● **DESCRIPTION OF THE TASK**
Search term "times": copy each line of the records that contains it.

● **DATA EXTRACTS**
definition standing_H ::
  "real \<Rightarrow> (real^'n) set \<Rightarrow> (real^'n \<Rightarrow> real^'n \<Rightarrow> real) \<Rightarrow> bool" where
  "standing_H p \<Omega> H \<longleftrightarrow>
     (\<forall>x\<in>\<Omega>. \<forall>\<xi>. H x \<xi> \<ge> 0) \<and>
     \<comment> \<open>norm in xi for a.e. x\<close>
     (AE x in lebesgue. x \<in> \<Omega> \<longrightarrow>
        (\<forall>\<xi> \<eta>. H x (\<xi> + \<eta>) \<le> H x \<xi> + H x \<eta>) \<and>
        (\<forall>c \<xi>. H x (c *\<^sub>R \<xi>) = \<bar>c\<bar> * H x \<xi>) \<and>
        (\<forall>\<xi>. H x \<xi> = 0 \<longrightarrow> \<xi> = 0)) \<and>
     \<comment> \<open>measurable in x\<close>
     (\<forall>\<xi>. (\<lambda>x. H x \<xi>) \<in> borel_measurable (lebesgue_on \<Omega>)) \<and>
     \<comment> \<open>locally uniformly equivalent to the Euclidean norm\<close>
     (\<forall>\<omega>. subdomain \<omega> \<Omega> \<longrightarrow> (\<exists>c C. 0 < c \<and> 0 < C \<and>
        (AE x in lebesgue. x \<in> \<omega> \<longrightarrow> (\<forall>\<xi>. c * norm \<xi> \<le> H x \<xi> \<and> H x \<xi> \<le> C * norm \<xi>)))) \<and>
     \<comment> \<open>uniformly convex and differentiable off the origin, for a.e. x\<close>
     (AE x in lebesgue. x \<in> \<Omega> \<longrightarrow>
        (\<forall>e>0. \<exists>d>0. \<forall>\<xi> \<eta>. H x \<xi> = 1 \<and> H x \<eta> = 1 \<and> H x (\<xi> - \<eta>) \<ge> e
            \<longrightarrow> H x ((1/2) *\<^sub>R (\<xi> + \<eta>)) \<le> 1 - d) \<and>
        (\<forall>\<xi>. \<xi> \<noteq> 0 \<longrightarrow> H x differentiable (at \<xi>))) \<and>
     \<comment> \<open>the vector field A = grad_xi (H^p/p), its derivative DA, and their bounds\<close>
     (\<exists>A :: real^'n \<Rightarrow> real^'n \<Rightarrow> real^'n. \<exists>DA :: real^'n \<Rightarrow> real^'n \<Rightarrow> real^'n^'n.
        (\<forall>x\<in>\<Omega>. \<forall>\<xi>. \<xi> \<noteq> 0 \<longrightarrow>
            ((\<lambda>\<zeta>. H x \<zeta> powr p / p) has_derivative (\<lambda>\<eta>. A x \<xi> \<bullet> \<eta>)) (at \<xi>)) \<and>
        (\<forall>x\<in>\<Omega>. (\<forall>\<xi>. \<xi> \<noteq> 0 \<longrightarrow> (A x has_derivative (\<lambda>\<eta>. DA x \<xi> *v \<eta>)) (at \<xi>)) \<and>
                 continuous_on (UNIV - {0}) (DA x)) \<and>
        (\<forall>\<omega>. subdomain \<omega> \<Omega> \<longrightarrow> (\<exists>\<Lambda>1 \<Lambda>2 \<Lambda>3 th. 0 < \<Lambda>1 \<and> 0 < \<Lambda>2 \<and> 0 < \<Lambda>3 \<and>
            0 < th \<and> th \<le> 1 \<and>
            (\<forall>x\<in>\<omega>. \<forall>\<xi> \<eta>. \<xi> \<noteq> 0 \<longrightarrow>
                (DA x \<xi> *v \<eta>) \<bullet> \<eta> \<ge> \<Lambda>1 * norm \<xi> powr (p - 2) * (norm \<eta>)\<^sup>2 \<and>
                norm (DA x \<xi>) \<le> \<Lambda>2 * norm \<xi> powr (p - 2)) \<and>
            (\<forall>x\<in>\<omega>. \<forall>y\<in>\<omega>. \<forall>\<xi>. \<xi> \<noteq> 0 \<longrightarrow>
                norm (A x \<xi> - A y \<xi>) \<le> \<Lambda>3 * norm \<xi> powr (p - 1) * dist x y powr th))))"

definition ball_mass :: "(real^'n \<Rightarrow> real) \<Rightarrow> (real^'n) set \<Rightarrow> real^'n \<Rightarrow> real \<Rightarrow> ennreal" where
  "ball_mass f \<omega> y r = nn_integral (lebesgue_on (\<omega> \<inter> ball y r)) (\<lambda>x. ennreal \<bar>f x\<bar>)"

definition Mq :: "real \<Rightarrow> real \<Rightarrow> (real^'n) set \<Rightarrow> (real^'n \<Rightarrow> real) \<Rightarrow> bool" where
  "Mq p q \<omega> f \<longleftrightarrow> f \<in> borel_measurable (lebesgue_on \<omega>) \<and>
     (let n = real CARD('n); q' = q / (q - 1); n' = n / (n - 1) in
      if p < n then
        q > n / p \<and> (\<exists>C. \<forall>y\<in>\<omega>. \<forall>r. 0 < r \<and> r < diameter \<omega> \<longrightarrow>
            ennreal (r powr (- (n / q'))) * ball_mass f \<omega> y r \<le> ennreal C)
      else if p = n then
        q > n \<and> (\<exists>C. \<forall>y\<in>\<omega>. \<forall>r. 0 < r \<and> r < diameter \<omega> \<longrightarrow>
            ennreal (ln (diameter \<omega> / r) powr (q / n')) * ball_mass f \<omega> y r \<le> ennreal C)
      else integrable (lebesgue_on \<omega>) f)"

definition Mq_loc :: "real \<Rightarrow> real \<Rightarrow> (real^'n) set \<Rightarrow> (real^'n \<Rightarrow> real) \<Rightarrow> bool" where
  "Mq_loc p q \<Omega> f \<longleftrightarrow> (\<forall>\<omega>. subdomain \<omega> \<Omega> \<longrightarrow> Mq p q \<omega> f)"
(* Let $f(a,b,c,d,e,x,y)$ be analytic in a neighbourhood of the origin of $\mathbb{C}^7$. Suppose that, with $F(X,Y)=f(a,b,c,d,e,X,Y)$, $f$ satisfies in a neighbourhood of the origin the equation $$x\Big\{F(x,y)-F(x,yq)-(d+e)q^{-1}\big[F(x,yq)-F(x,yq^2)\big]+de\,q^{-2}\big[F(x,yq^2)-F(x,yq^3)\big]\Big\}$$ $$=y\Big\{\big[F(x,y)-F(xq,y)\big]-(a+b+c)\big[F(x,yq)-F(xq,yq)\big]+(ab+ac+bc)\big[F(x,yq^2)-F(xq,yq^2)\big]-abc\big[F(x,yq^3)-F(xq,yq^3)\big]\Big\}.$$ Then, in some neighbourhood of the origin, $$f(a,b,c,d,e,x,y)=\mathbb{T}(a,b,c,d,e,yD_x)\{f(a,b,c,d,e,x,0)\}=\sum_{n\ge0}\frac{(a,b,c;q)_n}{(q,d,e;q)_n}\,y^n\,D_x^n\{f(a,b,c,d,e,x,0)\},$$ and the series converges there.
   Context: Throughout, $0<q<1$. $(\alpha;q)_0=1$, $(\alpha;q)_n=\prod_{j=0}^{n-1}(1-\alpha q^j)$, and $(\alpha_1,\dots,\alpha_r;q)_n=\prod_i(\alpha_i;q)_n$. $D_x$ is the $q$-derivative acting on the variable $x$ with all other variables fixed: $D_x\{g(x)\}=\frac{g(x)-g(xq)}{x}$. For a function analytic at $0$, $D_x$ acts termwise on the power series, $D_x\{x^m\}=(1-q^m)x^{m-1}$, which gives the value at $x=0$ by continuity. The operator is $\mathbb{T}(a,b,c,d,e,yD_x)=\sum_{n\ge0}\frac{(a,b,c;q)_n}{(q,d,e;q)_n}(yD_x)^n$. *)

theory Defs
  imports "HOL-Analysis.Analysis"
begin

definition qpoch :: "complex \<Rightarrow> real \<Rightarrow> nat \<Rightarrow> complex" where
  "qpoch \<alpha> q n = (\<Prod>j<n. 1 - \<alpha> * of_real q ^ j)"

definition qD :: "real \<Rightarrow> (complex \<Rightarrow> complex) \<Rightarrow> complex \<Rightarrow> complex" where
  "qD q g x = (if x = 0 then Lim (at 0) (\<lambda>t. (g t - g (of_real q * t)) / t)
               else (g x - g (of_real q * x)) / x)"

text \<open>Analyticity at the origin of C^n: in some polydisc around 0, g is the (unconditionally,
  hence absolutely) convergent sum of a power series in the n variables z 0, ..., z (n-1).\<close>
definition analytic_at_origin :: "nat \<Rightarrow> ((nat \<Rightarrow> complex) \<Rightarrow> complex) \<Rightarrow> bool" where
  "analytic_at_origin n g \<longleftrightarrow>
     (\<exists>r>0. \<exists>c :: (nat \<Rightarrow> nat) \<Rightarrow> complex. \<forall>z. (\<forall>i<n. norm (z i) < r) \<longrightarrow>
        ((\<lambda>\<alpha>. c \<alpha> * (\<Prod>i<n. z i ^ \<alpha> i)) has_sum g z) {\<alpha>. \<forall>i\<ge>n. \<alpha> i = 0})"

definition analytic7 ::
  "(complex \<Rightarrow> complex \<Rightarrow> complex \<Rightarrow> complex \<Rightarrow> complex \<Rightarrow> complex \<Rightarrow> complex \<Rightarrow> complex) \<Rightarrow> bool" where
  "analytic7 f \<longleftrightarrow> analytic_at_origin 7 (\<lambda>z. f (z 0) (z 1) (z 2) (z 3) (z 4) (z 5) (z 6))"

end

theory Submission
  imports Defs
begin

text \<open>
  Write F(x, y) = sum_n A_n(x) y^n. The substitution y -> y q^j multiplies A_n by q^(j n), so
  comparing the coefficients of y^(n+1) on both sides of the equation gives
    x (1 - q^(n+1)) (1 - d q^n) (1 - e q^n) A_(n+1)(x) = (1 - a q^n) (1 - b q^n) (1 - c q^n) (A_n(x) - A_n(x q)).
  Hence B_n = A_n / P_n, with P_n = (a,b,c;q)_n / (q,d,e;q)_n, satisfies x B_(n+1)(x) = B_n(x) - B_n(x q),
  i.e. B_(n+1) = D_x B_n (at x = 0 by continuity of the power series A_(n+1)), and B_0 = F(-, 0).
  So A_n = P_n D_x^n F(-, 0), which is the claimed expansion.
\<close>

lemma qpoch_0 [simp]: "qpoch \<alpha> q 0 = 1"
  by (simp add: qpoch_def)

lemma qpoch_Suc: "qpoch \<alpha> q (Suc n) = qpoch \<alpha> q n * (1 - \<alpha> * of_real q ^ n)"
  by (simp add: qpoch_def)

lemma qpoch_nonzero:
  assumes "norm \<alpha> < 1" "0 \<le> q" "q \<le> 1"
  shows "qpoch \<alpha> q n \<noteq> 0"
proof -
  have "norm (\<alpha> * of_real q ^ j) < 1" for j
  proof -
    have "norm (\<alpha> * of_real q ^ j) = norm \<alpha> * q ^ j"
      using assms by (simp add: norm_mult norm_power)
    also have "\<dots> \<le> norm \<alpha>"
      using assms by (simp add: mult_left_le power_le_one)
    finally show ?thesis using assms(1) by simp
  qed
  then show ?thesis
    unfolding qpoch_def by (auto simp: prod_zero_iff) (metis norm_one less_irrefl)
qed

lemma powser_sums_0_imp_coeff_0:
  fixes u :: "nat \<Rightarrow> 'a::{real_normed_field,banach}"
  assumes "s > 0" and sums0: "\<And>y. norm y < s \<Longrightarrow> (\<lambda>n. u n * y^n) sums 0"
  shows "u n = 0"
proof (induction n rule: less_induct)
  case (less n)
  have "(\<lambda>k. u (k + n) * y^k) sums 0" if "y \<noteq> 0" "norm y < s" for y
  proof -
    have "(\<lambda>k. u (k + n) * y^(k + n)) sums 0"
      using sums_zero_iff_shift[of n "\<lambda>i. u i * y^i" 0] sums0 that less by simp
    then have "(\<lambda>k. u (k + n) * y^(k + n) / y^n) sums (0 / y^n)"
      by (rule sums_divide)
    with that show ?thesis by (simp add: power_add)
  qed
  then have "((\<lambda>_. 0) \<longlongrightarrow> u n) (at (0::'a))"
    using powser_limit_0_strong[OF \<open>s > 0\<close>, of "\<lambda>k. u (k + n)" "\<lambda>_. 0"] by simp
  then show "u n = 0"
    using LIM_const_eq by fastforce
qed

lemma powser_coeff_Suc_eq_of_sums_eq_mult:
  fixes L M :: "nat \<Rightarrow> 'a::{real_normed_field,banach}"
  assumes "s > 0"
    and "\<And>y. norm y < s \<Longrightarrow> (\<lambda>n. L n * y^n) sums S y"
    and "\<And>y. norm y < s \<Longrightarrow> (\<lambda>n. M n * y^n) sums T y"
    and "\<And>y. norm y < s \<Longrightarrow> S y = y * T y"
  shows "L (Suc k) = M k"
proof -
  define u where "u n = L n - (if n = 0 then 0 else M (n - 1))" for n
  have "(\<lambda>n. u n * y^n) sums 0" if "norm y < s" for y
  proof -
    have "(\<lambda>n. y * (M n * y^n)) sums (y * T y)"
      using assms(3)[OF that] by (rule sums_mult)
    then have "(\<lambda>n. (\<lambda>n. (if n = 0 then 0 else M (n - 1)) * y^n) (Suc n)) sums (y * T y)"
      by (simp add: mult_ac)
    then have "(\<lambda>n. (if n = 0 then 0 else M (n - 1)) * y^n) sums (y * T y)"
      by (subst (asm) sums_Suc_iff) simp
    from sums_diff[OF assms(2)[OF that] this] show ?thesis
      using assms(4)[OF that] by (simp add: u_def algebra_simps)
  qed
  from powser_sums_0_imp_coeff_0[OF \<open>s > 0\<close> this, of "Suc k"] show ?thesis
    by (simp add: u_def)
qed

lemma analytic7_double_power_series:
  assumes "analytic7 f"
  obtains r and C :: "complex \<Rightarrow> complex \<Rightarrow> complex \<Rightarrow> complex \<Rightarrow> complex \<Rightarrow> nat \<Rightarrow> nat \<Rightarrow> complex"
  where "r > 0"
    "\<And>a b c d e x y. norm a < r \<Longrightarrow> norm b < r \<Longrightarrow> norm c < r \<Longrightarrow> norm d < r \<Longrightarrow> norm e < r
       \<Longrightarrow> norm x < r \<Longrightarrow> norm y < r
       \<Longrightarrow> ((\<lambda>(n, m). C a b c d e n m * x^m * y^n) has_sum f a b c d e x y) UNIV"
proof -
  define S where "S = {\<alpha>::nat \<Rightarrow> nat. \<forall>i\<ge>7. \<alpha> i = 0}"
  from assms obtain r cc where "r > 0" and series: "\<And>z. (\<forall>i<7. norm (z i) < r) \<Longrightarrow>
      ((\<lambda>\<alpha>. cc \<alpha> * (\<Prod>i<7. z i ^ \<alpha> i)) has_sum f (z 0) (z 1) (z 2) (z 3) (z 4) (z 5) (z 6)) S"
    unfolding analytic7_def analytic_at_origin_def S_def by blast
  define w where "w a b c d e \<alpha> = a^\<alpha> 0 * b^\<alpha> 1 * c^\<alpha> 2 * d^\<alpha> 3 * e^\<alpha> 4"
    for a b c d e :: complex and \<alpha> :: "nat \<Rightarrow> nat"
  define C where "C a b c d e n m = (\<Sum>\<^sub>\<infinity>\<alpha>\<in>{\<alpha>\<in>S. \<alpha> 6 = n \<and> \<alpha> 5 = m}. cc \<alpha> * w a b c d e \<alpha>)"
    for a b c d e :: complex and n m :: nat
  show thesis
  proof (rule that[OF \<open>r > 0\<close>])
    fix a b c d e x y :: complex
    assume "norm a < r" "norm b < r" "norm c < r" "norm d < r" "norm e < r" "norm x < r" "norm y < r"
    then have "\<forall>i<7. norm ((\<lambda>i. [a, b, c, d, e, x, y] ! i) i) < r"
      by (auto simp: less_Suc_eq numeral_eq_Suc)
    from series[OF this] have full:
      "((\<lambda>\<alpha>. cc \<alpha> * w a b c d e \<alpha> * x^\<alpha> 5 * y^\<alpha> 6) has_sum f a b c d e x y) S"
      by (simp add: w_def eval_nat_numeral lessThan_Suc mult_ac)
    define \<phi> where "\<phi> = (\<lambda>(p::nat \<times> nat, \<alpha>). cc \<alpha> * w a b c d e \<alpha> * x^\<alpha> 5 * y^\<alpha> 6)"
    define h where "h = (\<lambda>\<alpha>::nat \<Rightarrow> nat. ((\<alpha> 6, \<alpha> 5), \<alpha>))"
    have "inj_on h S"
      by (auto simp: inj_on_def h_def)
    moreover have "h ` S = Sigma UNIV (\<lambda>p. {\<alpha>\<in>S. \<alpha> 6 = fst p \<and> \<alpha> 5 = snd p})"
      by (auto simp: h_def image_iff)
    ultimately have grouped: "(\<phi> has_sum f a b c d e x y) (Sigma UNIV (\<lambda>p. {\<alpha>\<in>S. \<alpha> 6 = fst p \<and> \<alpha> 5 = snd p}))"
      using has_sum_reindex[of h S \<phi>] full by (simp add: \<phi>_def h_def o_def)
    have "((\<lambda>p. C a b c d e (fst p) (snd p) * x^snd p * y^fst p) has_sum f a b c d e x y) UNIV"
    proof (rule has_sum_SigmaD[OF grouped])
      fix p :: "nat \<times> nat"
      obtain n m where p: "p = (n, m)" by force
      let ?B = "{\<alpha>\<in>S. \<alpha> 6 = n \<and> \<alpha> 5 = m}"
      have "(\<lambda>\<alpha>. cc \<alpha> * w a b c d e \<alpha> * x^\<alpha> 5 * y^\<alpha> 6) summable_on ?B"
        by (rule summable_on_subset_banach[OF has_sum_imp_summable[OF full]]) auto
      then have "(\<lambda>\<alpha>. cc \<alpha> * w a b c d e \<alpha> * (x^m * y^n)) summable_on ?B"
        by (rule summable_on_cong[THEN iffD1, rotated]) auto
      then have "((\<lambda>\<alpha>. cc \<alpha> * w a b c d e \<alpha> * (x^m * y^n)) has_sum C a b c d e n m * (x^m * y^n)) ?B"
        using has_sum_infsum by (fastforce simp: C_def infsum_cmult_left')
      then have "((\<lambda>\<alpha>. \<phi> (p, \<alpha>)) has_sum C a b c d e n m * (x^m * y^n)) ?B"
        by (rule has_sum_cong[THEN iffD1, rotated]) (auto simp: \<phi>_def p)
      then show "((\<lambda>\<alpha>. \<phi> (p, \<alpha>)) has_sum C a b c d e (fst p) (snd p) * x^snd p * y^fst p)
          {\<alpha>\<in>S. \<alpha> 6 = fst p \<and> \<alpha> 5 = snd p}"
        by (simp add: p mult.assoc)
    qed
    then show "((\<lambda>(n, m). C a b c d e n m * x^m * y^n) has_sum f a b c d e x y) UNIV"
      by (simp add: case_prod_beta')
  qed
qed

● **RESULT BELOW**
    define \<phi> where "\<phi> = (\<lambda>(p::nat \<times> nat, \<alpha>). cc \<alpha> * w a b c d e \<alpha> * x^\<alpha> 5 * y^\<alpha> 6)"
      fix p :: "nat \<times> nat"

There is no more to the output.